Editor’s Staff
Ships That Pass In The Night
Tuck’s Post Card Ships That Pass in the Night
Oilette Connoisseur Set #2715.
A Fishing Fleet
Boats Leaving Harbour
Raphael Tuck & Sons published this set of six cards taken from paintings done by Georges Ricard and made them available for the first time in their 1908 catalog. The set was published for the connoisseur. Each image is individually titled by the artist.

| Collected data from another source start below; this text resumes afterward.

(* $\frac{n^2}{12}+O(n)\le\mathrm{sat}_\circlearrowright(n,D_2)\le\frac{5n^2}{24}+O(n)$.
   Context: $\Omega_n=\{v_0,\dots,v_{n-1}\}$ with cyclic order $v_0<\dots<v_{n-1}<v_0$ (indices mod $n$). A $3$-cgh on $\Omega_n$ is a family of $3$-subsets of $\Omega_n$. For a $3$-cgh $F$, $H$ contains a copy of $F$ if there is an injection of the vertex set of $F$ into $\Omega_n$ preserving the cyclic order and mapping every edge of $F$ to an edge of $H$. $H$ is $F$-saturated if it contains no copy of $F$ but $H\cup\{e\}$ does for every $e\in\binom{\Omega_n}{3}\setminus H$; $\mathrm{sat}_\circlearrowright(n,F)$ is the minimum number of edges of an $F$-saturated $3$-cgh on $\Omega_n$. $D_2$ is the $3$-cgh on $\Omega_4$ with edges $\{v_0,v_1,v_2\}$ and $\{v_0,v_1,v_3\}$ (two triples sharing a pair whose remaining vertices lie on the same side of the chord through the shared pair). *)

theory Defs
  imports Complex_Main
begin

text \<open>Vertices of \<Omega>_n are 0,...,n-1 (v_i = i), with the cyclic order
 0 < 1 < ... < n-1 < 0. A 3-cgh on \<Omega>_n is a set of 3-subsets of {..<n}.\<close>

definition triples :: "nat \<Rightarrow> nat set set" where
  "triples n = {e. e \<subseteq> {..<n} \<and> card e = 3}"

text \<open>An injection f of \<Omega>_k into \<Omega>_n preserving the cyclic order:
 after some rotation of \<Omega>_n, f becomes strictly increasing on 0..k-1.\<close>
definition cyc_embedding :: "nat \<Rightarrow> nat \<Rightarrow> (nat \<Rightarrow> nat) \<Rightarrow> bool" where
  "cyc_embedding k n f \<longleftrightarrow>
     (\<forall>i<k. f i < n) \<and> inj_on f {..<k} \<and>
     (\<exists>s. \<forall>i j. i < j \<and> j < k \<longrightarrow> (f i + s) mod n < (f j + s) mod n)"

definition contains_copy :: "nat \<Rightarrow> nat set set \<Rightarrow> nat \<Rightarrow> nat set set \<Rightarrow> bool" where
  "contains_copy n H k F \<longleftrightarrow>
     (\<exists>f. cyc_embedding k n f \<and> (\<forall>e\<in>F. f ` e \<in> H))"

definition saturated :: "nat \<Rightarrow> nat \<Rightarrow> nat set set \<Rightarrow> nat set set \<Rightarrow> bool" where
  "saturated n k F H \<longleftrightarrow>
     H \<subseteq> triples n \<and> \<not> contains_copy n H k F \<and>
     (\<forall>e \<in> triples n - H. contains_copy n (insert e H) k F)"

definition sat_cyc :: "nat \<Rightarrow> nat \<Rightarrow> nat set set \<Rightarrow> nat" where
  "sat_cyc n k F = (LEAST m. \<exists>H. saturated n k F H \<and> card H = m)"

definition D2 :: "nat set set" where
  "D2 = {{0,1,2},{0,1,3}}"

end

theory Submission
  imports Defs
begin

(* A copy of D2 consists of two edges {u,v,w} and {u,v,z}, w \<noteq> z, such that uv is a side of
   both triangles uvw and uvz, i.e. w and z lie on the same side of the chord uv.

   Lower bound: in a saturated H every non-edge forms such a pair with some edge. For an edge
   with cyclic gaps g1, g2, g3 (g1 + g2 + g3 = n) the number of such partners along its three
   sides is at most (n - 1 - g1) + (n - 1 - g2) + (n - 1 - g3) = 2n - 3, so
   binom(n,3) \<le> |H| (2n - 3).

   Upper bound: for 5a < n \<le> 6a take the edges {x, x+d, x+2d+a} mod n with 1 \<le> d \<le> a, i.e.
   the triples having a gap d \<le> a followed (cyclically) by the gap d + a; there are at most na
   of them. Two such edges sharing a side would force n \<le> 5a. A missing triple has a gap
   g \<le> 2a, and the triple on that side with gaps (g, g + a) or (g - a, g) is an edge completing
   a copy of D2. *)

section \<open>Cyclic distance and cyclic order\<close>

definition arc :: "nat \<Rightarrow> nat \<Rightarrow> nat \<Rightarrow> nat" where
  "arc n u v = nat ((int v - int u) mod int n)"

lemma arc_eq: "u < n \<Longrightarrow> v < n \<Longrightarrow> arc n u v = (if u \<le> v then v - u else v + n - u)"
proof -
  assume "u < n" "v < n"
  show ?thesis
  proof (cases "u \<le> v")
    case True
    with \<open>v < n\<close> show ?thesis by (simp add: arc_def of_nat_diff)
  next
    case False
    then have "(int v - int u) mod int n = (int v - int u + int n) mod int n" by simp
    also have "\<dots> = int v - int u + int n"
      using False \<open>u < n\<close> by (intro mod_pos_pos_trivial) auto
    finally show ?thesis using False by (simp add: arc_def)
  qed
qed

lemma arc_mod_shift: "arc n ((x + s) mod n) ((y + s) mod n) = arc n x y"
proof -
  have "(int ((y + s) mod n) - int ((x + s) mod n)) mod int n
      = ((int y + int s) - (int x + int s)) mod int n"
    unfolding of_nat_mod of_nat_add by (rule mod_diff_eq)
  then show ?thesis by (simp add: arc_def)
qed

lemma arc_mod_add: "arc n u ((u + k) mod n) = k mod n"
proof -
  have "(int ((u + k) mod n) - int u) mod int n = ((int u + int k) - int u) mod int n"
    unfolding of_nat_mod of_nat_add by (rule mod_diff_left_eq)
  then show ?thesis by (simp add: arc_def nat_mod_as_int)
qed

lemma arc_self [simp]: "arc n u u = 0"
  by (simp add: arc_def)

lemma arc_lt: "0 < n \<Longrightarrow> arc n u v < n"
  unfolding arc_def by (simp add: nat_less_iff)

lemma mod_add_arc: "u < n \<Longrightarrow> v < n \<Longrightarrow> (u + arc n u v) mod n = v"
  by (simp add: arc_eq le_mod_geq)

lemma shift_mod_eq_arc: "u < n \<Longrightarrow> v < n \<Longrightarrow> (v + (n - u)) mod n = arc n u v"
  by (simp add: arc_eq le_mod_geq)

lemma arc_inject: "u < n \<Longrightarrow> v < n \<Longrightarrow> w < n \<Longrightarrow> arc n u v = arc n u w \<Longrightarrow> v = w"
  by (metis mod_add_arc)

definition cyc_ordered :: "nat \<Rightarrow> nat \<Rightarrow> nat \<Rightarrow> nat \<Rightarrow> bool" where
  "cyc_ordered n u v w \<longleftrightarrow> 0 < arc n u v \<and> arc n u v < arc n u w"

lemma cyc_ordered_iff:
  "u < n \<Longrightarrow> v < n \<Longrightarrow> w < n \<Longrightarrow>
    cyc_ordered n u v w \<longleftrightarrow> u < v \<and> v < w \<or> v < w \<and> w < u \<or> w < u \<and> u < v"
  by (auto simp: cyc_ordered_def arc_eq)

lemma cyc_ordered_rotate:
  "cyc_ordered n u v w \<Longrightarrow> u < n \<Longrightarrow> v < n \<Longrightarrow> w < n \<Longrightarrow> cyc_ordered n v w u"
  by (auto simp: cyc_ordered_iff)

lemma cyc_ordered_arcs:
  assumes "cyc_ordered n u v w" "u < n" "v < n" "w < n"
  shows "arc n v w = arc n u w - arc n u v" "arc n w u = n - arc n u w"
  using assms by (auto simp: cyc_ordered_def arc_eq split: if_splits)

lemma cyc_ordered_arc_sum:
  assumes "cyc_ordered n u v w" "u < n" "v < n" "w < n"
  shows "arc n u v + arc n v w + arc n w u = n"
  using assms by (auto simp: cyc_ordered_def arc_eq split: if_splits)

lemma cyc_ordered_same_base:
  assumes "cyc_ordered n u v w" "cyc_ordered n u v' w'" "{u, v, w} = {u, v', w'}"
    and "u < n" "v < n" "w < n" "v' < n" "w' < n"
  shows "v' = v \<and> w' = w"
  using assms by (auto simp: cyc_ordered_iff doubleton_eq_iff insert_eq_iff)

lemma cyc_ordered_rotations:
  assumes "cyc_ordered n u v w" "cyc_ordered n u' v' w'" "{u, v, w} = {u', v', w'}"
    and "u < n" "v < n" "w < n" "u' < n" "v' < n" "w' < n"
  shows "(u', v', w') \<in> {(u, v, w), (v, w, u), (w, u, v)}"
proof -
  have rot: "cyc_ordered n v w u" "cyc_ordered n w u v"
    using assms(1,4-6) by (auto intro: cyc_ordered_rotate)
  have "u' \<in> {u, v, w}" using assms(3) by blast
  then consider "u' = u" | "u' = v" | "u' = w" by blast
  then show ?thesis
  proof cases
    case 1
    then show ?thesis
      using cyc_ordered_same_base[of n u v w v' w'] assms by simp
  next
    case 2
    then show ?thesis
      using cyc_ordered_same_base[of n v w u v' w'] rot assms by (simp add: insert_commute)
  next
    case 3
    then show ?thesis
      using cyc_ordered_same_base[of n w u v v' w'] rot assms by (simp add: insert_commute)
  qed
qed

section \<open>Copies of D2\<close>

(* Every witness shift s can be replaced by n - f 0, which moves f 0 to the origin. *)
lemma cyc_embedding_iff:
  "cyc_embedding k n f \<longleftrightarrow>
     (\<forall>i<k. f i < n) \<and> (\<forall>i j. i < j \<and> j < k \<longrightarrow> arc n (f 0) (f i) < arc n (f 0) (f j))"
  (is "_ \<longleftrightarrow> ?bounded \<and> ?mono")
proof
  assume "cyc_embedding k n f"
  then obtain s where bounded: ?bounded and
    shifted: "\<And>i j. i < j \<Longrightarrow> j < k \<Longrightarrow> (f i + s) mod n < (f j + s) mod n"
    unfolding cyc_embedding_def by blast
  have arc_shifted: "arc n (f 0) (f i) = (f i + s) mod n - (f 0 + s) mod n" if "i < k" for i
  proof -
    have "(f 0 + s) mod n \<le> (f i + s) mod n"
      using shifted[of 0 i] that by (cases i) auto
    moreover have "(f i + s) mod n < n"
      using bounded that by (metis gr_zeroI mod_less_divisor not_less0)
    ultimately show ?thesis by (metis arc_mod_shift arc_eq order_le_less_trans)
  qed
  have ?mono
  proof (intro allI impI)
    fix i j assume ij: "i < j \<and> j < k"
    have "(f 0 + s) mod n \<le> (f i + s) mod n"
      using shifted[of 0 i] ij by (cases i) auto
    with shifted[of i j] ij show "arc n (f 0) (f i) < arc n (f 0) (f j)"
      by (simp add: arc_shifted)
  qed
  with bounded show "?bounded \<and> ?mono" ..
next
  assume "?bounded \<and> ?mono"
  then have bounded: ?bounded and mono: ?mono by blast+
  show "cyc_embedding k n f"
  proof (cases k)
    case 0
    then show ?thesis by (simp add: cyc_embedding_def)
  next
    case (Suc m)
    then have shift: "(f i + (n - f 0)) mod n = arc n (f 0) (f i)" if "i < k" for i
      using bounded that by (intro shift_mod_eq_arc) auto
    have "inj_on f {..<k}"
    proof (rule inj_onI)
      fix i j assume "i \<in> {..<k}" "j \<in> {..<k}" "f i = f j"
      then show "i = j"
        using mono[rule_format, of i j] mono[rule_format, of j i]
        by (cases i j rule: linorder_cases) auto
    qed
    moreover have "(f i + (n - f 0)) mod n < (f j + (n - f 0)) mod n" if "i < j" "j < k" for i j
      using mono that by (simp add: shift)
    ultimately show ?thesis
      using bounded unfolding cyc_embedding_def by blast
  qed
qed

lemma contains_D2I:
  assumes "a < n" "b < n" "c < n" "d < n"
    and "0 < arc n a b" "arc n a b < arc n a c" "arc n a c < arc n a d"
    and "{a, b, c} \<in> H" "{a, b, d} \<in> H"
  shows "contains_copy n H 4 D2"
proof -
  let ?f = "(!) [a, b, c, d]"
  have index: "i = 0 \<or> i = 1 \<or> i = 2 \<or> i = 3" if "i < 4" for i :: nat
    using that by auto
  have "cyc_embedding 4 n ?f"
    unfolding cyc_embedding_iff
  proof (intro conjI allI impI)
    show "?f i < n" if "i < 4" for i
      using index[OF that] assms(1-4) by auto
    show "arc n (?f 0) (?f i) < arc n (?f 0) (?f j)" if "i < j \<and> j < 4" for i j
      using index[of i] index[of j] that assms(5-7) by auto
  qed
  moreover have "\<forall>e\<in>D2. ?f ` e \<in> H"
    using assms(8,9) by (simp add: D2_def)
  ultimately show ?thesis
    unfolding contains_copy_def by blast
qed

lemma contains_D2_iff:
  "contains_copy n H 4 D2 \<longleftrightarrow>
    (\<exists>a b c d. a < n \<and> b < n \<and> c < n \<and> d < n \<and>
      cyc_ordered n a b c \<and> cyc_ordered n a b d \<and> c \<noteq> d \<and> {a, b, c} \<in> H \<and> {a, b, d} \<in> H)"
  (is "_ \<longleftrightarrow> (\<exists>a b c d. ?D2 a b c d)")
proof
  assume "contains_copy n H 4 D2"
  then obtain f where emb: "cyc_embedding 4 n f" and edges: "\<forall>e\<in>D2. f ` e \<in> H"
    unfolding contains_copy_def by blast
  have bounded: "\<forall>i<4. f i < n"
    and mono: "\<And>i j. i < j \<Longrightarrow> j < 4 \<Longrightarrow> arc n (f 0) (f i) < arc n (f 0) (f j)"
    using emb unfolding cyc_embedding_iff by auto
  note mono[of 0 1] mono[of 1 2] mono[of 2 3]
  moreover have "{f 0, f 1, f 2} \<in> H" "{f 0, f 1, f 3} \<in> H"
    using edges by (simp_all add: D2_def)
  ultimately have "?D2 (f 0) (f 1) (f 2) (f 3)"
    using bounded by (auto simp: cyc_ordered_def)
  then show "\<exists>a b c d. ?D2 a b c d" by blast
next
  assume "\<exists>a b c d. ?D2 a b c d"
  then obtain a b c d where D2: "?D2 a b c d" by blast
  then have "arc n a c \<noteq> arc n a d" by (metis arc_inject)
  then consider "arc n a c < arc n a d" | "arc n a d < arc n a c" by linarith
  then show "contains_copy n H 4 D2"
    by cases (use D2 in \<open>auto simp: cyc_ordered_def intro: contains_D2I\<close>)
qed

It could be that the six images were first published circa 1905 with French backs and apparently were very popular since they were republished again as Set #2715 and Set #8709.
Fleet in a Gale
Forging Ahead
The current location of these paintings is unknown, but since they enjoyed lasting popularity at Victoria’s court, it is likely they are still in private collections. A second possibility is that Tuck purchased the originals as they did with about sixty percent of the art used on their postcards.
Nearing Home
The Pilot
The artist was born in Lyon, France in January 1873, to Louis Ricard, a Frenchman and Georgina Marie Cordingley, a properly schooled Englishwoman. Georges was but two years old when his father died in 1875. At age 15, his mother enrolled him at a fine arts academy in Lyon, just before she relocated to Boulogne-sur-Mer.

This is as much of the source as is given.